(Stored data)
= = = =

lemma tangent_onb:
  fixes x :: "'a::euclidean_space"
  assumes "x \<noteq> 0"
  shows "tangent_onb x \<subseteq> {e. e \<bullet> x = 0}" "pairwise orthogonal (tangent_onb x)"
    "\<And>e. e \<in> tangent_onb x \<Longrightarrow> norm e = 1" "span (tangent_onb x) = {e. e \<bullet> x = 0}"
    "finite (tangent_onb x)" "card (tangent_onb x) = DIM('a) - 1"
proof -
  let ?P = "\<lambda>B. B \<subseteq> {e. e \<bullet> x = 0} \<and> pairwise orthogonal B \<and>
      (\<forall>e\<in>B. norm e = 1) \<and> span B = {e. e \<bullet> x = 0}"
  have "\<exists>B. ?P B"
    by (rule orthonormal_basis_subspace[OF subspace_hyperplane2[of x]]) blast
  then have P: "?P (tangent_onb x)"
    unfolding tangent_onb_def by (rule someI_ex)
  then show "tangent_onb x \<subseteq> {e. e \<bullet> x = 0}" "pairwise orthogonal (tangent_onb x)"
    "\<And>e. e \<in> tangent_onb x \<Longrightarrow> norm e = 1" "span (tangent_onb x) = {e. e \<bullet> x = 0}"
    by auto
  have independent: "independent (tangent_onb x)"
    using P by (intro pairwise_orthogonal_independent) auto
  then show "finite (tangent_onb x)"
    by (rule independent_imp_finite)
  have "card (tangent_onb x) = dim {e. x \<bullet> e = 0}"
    using dim_span_eq_card_independent[OF independent] P by (simp add: inner_commute)
  then show "card (tangent_onb x) = DIM('a) - 1"
    using dim_hyperplane[OF assms] by simp
qed

lemma orthonormal_basis_insert_tangent_onb:
  fixes x :: "'a::euclidean_space"
  assumes x: "norm x = 1"
  shows "x \<notin> tangent_onb x" "finite (insert x (tangent_onb x))"
    "pairwise orthogonal (insert x (tangent_onb x))"
    "\<And>e. e \<in> insert x (tangent_onb x) \<Longrightarrow> norm e = 1"
    "span (insert x (tangent_onb x)) = UNIV"
proof -
  have "x \<noteq> 0" using x by auto
  note T = tangent_onb[OF this]
  show "x \<notin> tangent_onb x" "finite (insert x (tangent_onb x))"
    "\<And>e. e \<in> insert x (tangent_onb x) \<Longrightarrow> norm e = 1"
    using T(1,3,5) x by (auto simp: norm_eq_1)
  show "pairwise orthogonal (insert x (tangent_onb x))"
    using T(1,2) by (auto simp: pairwise_insert orthogonal_def inner_commute)
  have "v \<in> span (insert x (tangent_onb x))" for v
  proof -
    have "v - (v \<bullet> x) *\<^sub>R x \<in> span (tangent_onb x)"
      using T(4) x by (simp add: inner_diff_left norm_eq_1)
    then have "v - (v \<bullet> x) *\<^sub>R x \<in> span (insert x (tangent_onb x))"
      by (meson span_mono subset_insertI subsetD)
    moreover have "(v \<bullet> x) *\<^sub>R x \<in> span (insert x (tangent_onb x))"
      by (simp add: span_base span_mul)
    ultimately show ?thesis
      using span_add by fastforce
  qed
  then show "span (insert x (tangent_onb x)) = UNIV" by auto
qed

lemma has_real_derivative_comp_curve:
  fixes g :: "'a::real_normed_vector \<Rightarrow> real"
  assumes "(g has_derivative G) (at (c t))" and "(c has_vector_derivative c') (at t)"
  shows "((\<lambda>t. g (c t)) has_real_derivative G c') (at t)"
  using vector_derivative_diff_chain_within[OF assms(2) has_derivative_at_withinI[OF assms(1)]]
  by (simp add: has_real_derivative_iff_has_vector_derivative o_def)

lemma geod_0 [simp]: "geod x e 0 = x"
  by (simp add: geod_def)

lemma geod_has_vector_derivative:
  "(geod x e has_vector_derivative (- sin t *\<^sub>R x + cos t *\<^sub>R e)) (at t)"
  unfolding geod_def by (auto intro!: derivative_eq_intros)

lemma norm_geod:
  fixes x e :: "'a::real_inner"
  assumes "norm x = 1" "norm e = 1" "e \<bullet> x = 0"
  shows "norm (geod x e t) = 1"
proof -
  have "geod x e t \<bullet> geod x e t = (cos t)\<^sup>2 + (sin t)\<^sup>2"
    using assms
    by (simp add: geod_def inner_add_left inner_add_right inner_commute norm_eq_1 power2_eq_square)
  then show ?thesis by (simp add: norm_eq_1)
qed

lemma norm_geod_tangent_onb:
  assumes "norm x = 1" "e \<in> tangent_onb x"
  shows "norm (geod x e t) = 1"
proof -
  have "x \<noteq> 0" using assms(1) by auto
  then show ?thesis
    using norm_geod[OF assms(1)] tangent_onb(1,3) assms(2) by blast
qed

lemma has_real_derivative_inner:
  fixes f g :: "real \<Rightarrow> 'b::real_inner"
  assumes "(f has_vector_derivative f') (at t)" "(g has_vector_derivative g') (at t)"
  shows "((\<lambda>t. f t \<bullet> g t) has_real_derivative (f t \<bullet> g' + f' \<bullet> g t)) (at t)"
proof -
  have "((\<lambda>t. f t \<bullet> g t) has_derivative (\<lambda>h. f t \<bullet> (h *\<^sub>R g') + (h *\<^sub>R f') \<bullet> g t)) (at t)"
    using assms by (intro has_derivative_inner) (auto simp: has_vector_derivative_def)
  moreover have "(\<lambda>h. f t \<bullet> (h *\<^sub>R g') + (h *\<^sub>R f') \<bullet> g t) = (*) (f t \<bullet> g' + f' \<bullet> g t)"
    by (auto simp: algebra_simps)
  ultimately show ?thesis
    by (simp add: has_field_derivative_def)
qed

lemma constant_norm_curve_derivatives:
  fixes g :: "real \<Rightarrow> 'b::real_inner"
  assumes g': "\<And>t. (g has_vector_derivative g' t) (at t)"
    and g'': "(g' has_vector_derivative g'') (at 0)"
    and "\<And>t. g t \<bullet> g t = c"
  shows "g t \<bullet> g' t = 0" "g' 0 \<bullet> g' 0 + g 0 \<bullet> g'' = 0"
proof -
  have orthogonal: "g t \<bullet> g' t = 0" for t
  proof -
    have "((\<lambda>t. g t \<bullet> g t) has_real_derivative (g t \<bullet> g' t + g' t \<bullet> g t)) (at t)"
      by (rule has_real_derivative_inner[OF g' g'])
    moreover have "((\<lambda>t. g t \<bullet> g t) has_real_derivative 0) (at t)"
      using assms(3) by simp
    ultimately show ?thesis
      using DERIV_unique by (fastforce simp: inner_commute)
  qed
  then show "g t \<bullet> g' t = 0" .
  have "((\<lambda>t. g t \<bullet> g' t) has_real_derivative (g 0 \<bullet> g'' + g' 0 \<bullet> g' 0)) (at 0)"
    by (rule has_real_derivative_inner[OF g' g''])
  moreover have "((\<lambda>t. g t \<bullet> g' t) has_real_derivative 0) (at 0)"
    using orthogonal by simp
  ultimately show "g' 0 \<bullet> g' 0 + g 0 \<bullet> g'' = 0"
    using DERIV_unique by fastforce
qed
(* For each integer $k\ge 2$, the graph $\Theta(2,2,2k)$ is chromatic-choosable, but it is not weakly enumeratively chromatic-choosable.
   Context: $\Theta(l_1,l_2,l_3)$ denotes the graph consisting of two end vertices joined by three internally disjoint paths of lengths $l_1,l_2,l_3$. A graph $G$ is chromatic-choosable if its list chromatic number $\chi_\ell(G)$ equals its chromatic number $\chi(G)$. For a list assignment $L$, $P(G,L)$ is the number of proper $L$-colorings; an $m$-assignment assigns lists of size $m$ to every vertex; $P(G,m)$ is the chromatic polynomial and $P_\ell(G,m)$, the list color function, is the minimum of $P(G,L)$ over all $m$-assignments $L$. A graph $G$ is weakly enumeratively chromatic-choosable if $P_\ell(G,\chi(G))=P(G,\chi(G))$. *)

theory Defs
  imports "HOL-Library.FuncSet"
begin

text \<open>Finite simple graphs are given by a vertex set V and a set E of edges,
each edge being a 2-element subset of V. Colours are natural numbers.\<close>

definition proper_coloring :: "'a set \<Rightarrow> 'a set set \<Rightarrow> ('a \<Rightarrow> nat) \<Rightarrow> bool" where
  "proper_coloring V E f \<longleftrightarrow> (\<forall>e\<in>E. \<forall>x\<in>e. \<forall>y\<in>e. x \<noteq> y \<longrightarrow> f x \<noteq> f y)"

definition chromatic_number :: "'a set \<Rightarrow> 'a set set \<Rightarrow> nat" where
  "chromatic_number V E = (LEAST m. \<exists>f. f ` V \<subseteq> {..<m} \<and> proper_coloring V E f)"

definition m_assignment :: "'a set \<Rightarrow> nat \<Rightarrow> ('a \<Rightarrow> nat set) \<Rightarrow> bool" where
  "m_assignment V m L \<longleftrightarrow> (\<forall>v\<in>V. finite (L v) \<and> card (L v) = m)"

definition L_colorings :: "'a set \<Rightarrow> 'a set set \<Rightarrow> ('a \<Rightarrow> nat set) \<Rightarrow> ('a \<Rightarrow> nat) set" where
  "L_colorings V E L = {f \<in> PiE V L. proper_coloring V E f}"

definition P_list :: "'a set \<Rightarrow> 'a set set \<Rightarrow> ('a \<Rightarrow> nat set) \<Rightarrow> nat" where
  "P_list V E L = card (L_colorings V E L)"

definition choosable :: "'a set \<Rightarrow> 'a set set \<Rightarrow> nat \<Rightarrow> bool" where
  "choosable V E m \<longleftrightarrow> (\<forall>L. m_assignment V m L \<longrightarrow> L_colorings V E L \<noteq> {})"

definition list_chromatic_number :: "'a set \<Rightarrow> 'a set set \<Rightarrow> nat" where
  "list_chromatic_number V E = (LEAST m. choosable V E m)"

definition chrom_poly :: "'a set \<Rightarrow> 'a set set \<Rightarrow> nat \<Rightarrow> nat" where
  "chrom_poly V E m = P_list V E (\<lambda>_. {..<m})"

definition list_color_function :: "'a set \<Rightarrow> 'a set set \<Rightarrow> nat \<Rightarrow> nat" where
  "list_color_function V E m = (LEAST p. \<exists>L. m_assignment V m L \<and> p = P_list V E L)"

definition chromatic_choosable :: "'a set \<Rightarrow> 'a set set \<Rightarrow> bool" where
  "chromatic_choosable V E \<longleftrightarrow> list_chromatic_number V E = chromatic_number V E"

definition weakly_enum_chromatic_choosable :: "'a set \<Rightarrow> 'a set set \<Rightarrow> bool" where
  "weakly_enum_chromatic_choosable V E \<longleftrightarrow>
     list_color_function V E (chromatic_number V E) = chrom_poly V E (chromatic_number V E)"

text \<open>Theta graphs. The end vertices are (0,0) and (0,1); the internal vertices of
the i-th path (i = 1,2,3) of length l are (i,1),...,(i,l-1).\<close>
definition path_vx :: "nat \<Rightarrow> nat \<Rightarrow> nat \<Rightarrow> nat \<times> nat" where
  "path_vx l i j = (if j = 0 then (0,0) else if j = l then (0,1) else (i,j))"

definition path_verts :: "nat \<Rightarrow> nat \<Rightarrow> (nat \<times> nat) set" where
  "path_verts l i = {path_vx l i j | j. j \<le> l}"

definition path_edges :: "nat \<Rightarrow> nat \<Rightarrow> (nat \<times> nat) set set" where
  "path_edges l i = {{path_vx l i j, path_vx l i (Suc j)} | j. j < l}"

definition theta_V :: "nat \<Rightarrow> nat \<Rightarrow> nat \<Rightarrow> (nat \<times> nat) set" where
  "theta_V l1 l2 l3 = path_verts l1 1 \<union> path_verts l2 2 \<union> path_verts l3 3"

definition theta_E :: "nat \<Rightarrow> nat \<Rightarrow> nat \<Rightarrow> (nat \<times> nat) set set" where
  "theta_E l1 l2 l3 = path_edges l1 1 \<union> path_edges l2 2 \<union> path_edges l3 3"

end

theory Submission
  imports Defs
begin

= = = =

TASK BRIEF
Please output exactly the lines between the one holding "by (simp add: geod_def inner_add_left" and the one holding "has_real_derivative (g t" in the records above, inclusive, and nothing more.

RESULT
    by (simp add: geod_def inner_add_left inner_add_right inner_commute norm_eq_1 power2_eq_square)
  then show ?thesis by (simp add: norm_eq_1)
qed

lemma norm_geod_tangent_onb:
  assumes "norm x = 1" "e \<in> tangent_onb x"
  shows "norm (geod x e t) = 1"
proof -
  have "x \<noteq> 0" using assms(1) by auto
  then show ?thesis
    using norm_geod[OF assms(1)] tangent_onb(1,3) assms(2) by blast
qed

lemma has_real_derivative_inner:
  fixes f g :: "real \<Rightarrow> 'b::real_inner"
  assumes "(f has_vector_derivative f') (at t)" "(g has_vector_derivative g') (at t)"
  shows "((\<lambda>t. f t \<bullet> g t) has_real_derivative (f t \<bullet> g' + f' \<bullet> g t)) (at t)"
proof -
  have "((\<lambda>t. f t \<bullet> g t) has_derivative (\<lambda>h. f t \<bullet> (h *\<^sub>R g') + (h *\<^sub>R f') \<bullet> g t)) (at t)"
    using assms by (intro has_derivative_inner) (auto simp: has_vector_derivative_def)
  moreover have "(\<lambda>h. f t \<bullet> (h *\<^sub>R g') + (h *\<^sub>R f') \<bullet> g t) = (*) (f t \<bullet> g' + f' \<bullet> g t)"
    by (auto simp: algebra_simps)
  ultimately show ?thesis
    by (simp add: has_field_derivative_def)
qed

lemma constant_norm_curve_derivatives:
  fixes g :: "real \<Rightarrow> 'b::real_inner"
  assumes g': "\<And>t. (g has_vector_derivative g' t) (at t)"
    and g'': "(g' has_vector_derivative g'') (at 0)"
    and "\<And>t. g t \<bullet> g t = c"
  shows "g t \<bullet> g' t = 0" "g' 0 \<bullet> g' 0 + g 0 \<bullet> g'' = 0"
proof -
  have orthogonal: "g t \<bullet> g' t = 0" for t
  proof -
    have "((\<lambda>t. g t \<bullet> g t) has_real_derivative (g t \<bullet> g' t + g' t \<bullet> g t)) (at t)"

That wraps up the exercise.